Interesting, I currently place a majority of my carbs for breakfast and pre/post workout.   I'm naturally pretty Carb sensitive so I keep them low


----------



## Standard Donkey (Apr 16, 2012)

EATSCHILDREN said:


> Interesting, I currently place a majority of my carbs for breakfast and pre/post workout. I'm naturally pretty Carb sensitive so I keep them low



i used to eat a lot of carbs because i thought they were essential for muscle growth. I just got fat as fuck even though my diet was simple and extremely clean.
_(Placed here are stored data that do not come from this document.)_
theorem theorem2p3:
  fixes t :: "'k::{field, finite} poly fract"
    and v :: "'k poly fract \<Rightarrow> int"
  assumes char: "(2::'k) \<noteq> 0"
    and t_nonconst: "t \<notin> range const_fn"
    and place: "normalized_place v"
  shows
    "(v t > 0 \<and> even (v t) \<longrightarrow> multiplicative_reduction v (E_curve t)) \<and>
     (v t > 0 \<and> odd (v t) \<longrightarrow> additive_reduction v (E_curve t)
                              \<and> potentially_multiplicative_reduction v (E_curve t)) \<and>
     (v t < 0 \<and> 4 dvd v t \<longrightarrow> good_reduction v (E_curve t)) \<and>
     (v t < 0 \<and> \<not> 4 dvd v t \<longrightarrow> additive_reduction v (E_curve t)
                              \<and> potentially_good_reduction v (E_curve t)) \<and>
     (v t = 0 \<and> v (1 + 4*t) = 0 \<longrightarrow> good_reduction v (E_curve t)) \<and>
     (v t = 0 \<and> v (1 + 4*t) > 0 \<longrightarrow> multiplicative_reduction v (E_curve t))"
proof -
  interpret discrete_valuation v
    using place by (rule normalized_place_discrete_valuation)
  have "(4::'k) \<noteq> 0"
    using char mult_eq_0_iff[of "2::'k" 2] by simp
  then have t: "t \<noteq> 0" "1 + 4*t \<noteq> 0"
    using t_nonconst one_add_const_fn_mult_nonzero[of 4 t]
    by (metis const_fn_0 rangeI, simp add: const_fn_numeral)
  have two: "(2::'k poly fract) \<noteq> 0" "v 2 = 0"
    using char normalized_place_const_fn[OF place char]
    by (simp_all add: const_fn_def flip: const_fn_numeral)
  show ?thesis
    using multiplicative_reduction_E_curve_if_pos_even[OF t two]
      additive_reduction_E_curve_if_pos_odd[OF t two]
      good_reduction_E_curve_if_neg[OF t two] additive_reduction_E_curve_if_neg[OF t two]
      good_reduction_E_curve_if_unit[OF t two] multiplicative_reduction_E_curve_if_unit[OF t two]
    by blast
qed

end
carbs are essentially energy right? they either go toward being stored as muscle glycogen or fat IIRC, so why would you need them post workout? If im not mistaken, you definitely do not use up all of your preworkout carbs during your workout unless you are an endurance athelete, and if you eat carbs 1.5-2 hours pre-workout, your glycogen levels are at an optimal level for peak performance, again making the consumption of post-workout carbs unnecessary.


----------



## lee111s (Apr 16, 2012)

I like that train of thought Donkey and it does make sense.

However when I was doing lean gains intermittent fasting the premise behind that was pretty much all your food POST workout. By doing that I lost fat and gained strength. I think there's more than one way to do it, but it depends on body type.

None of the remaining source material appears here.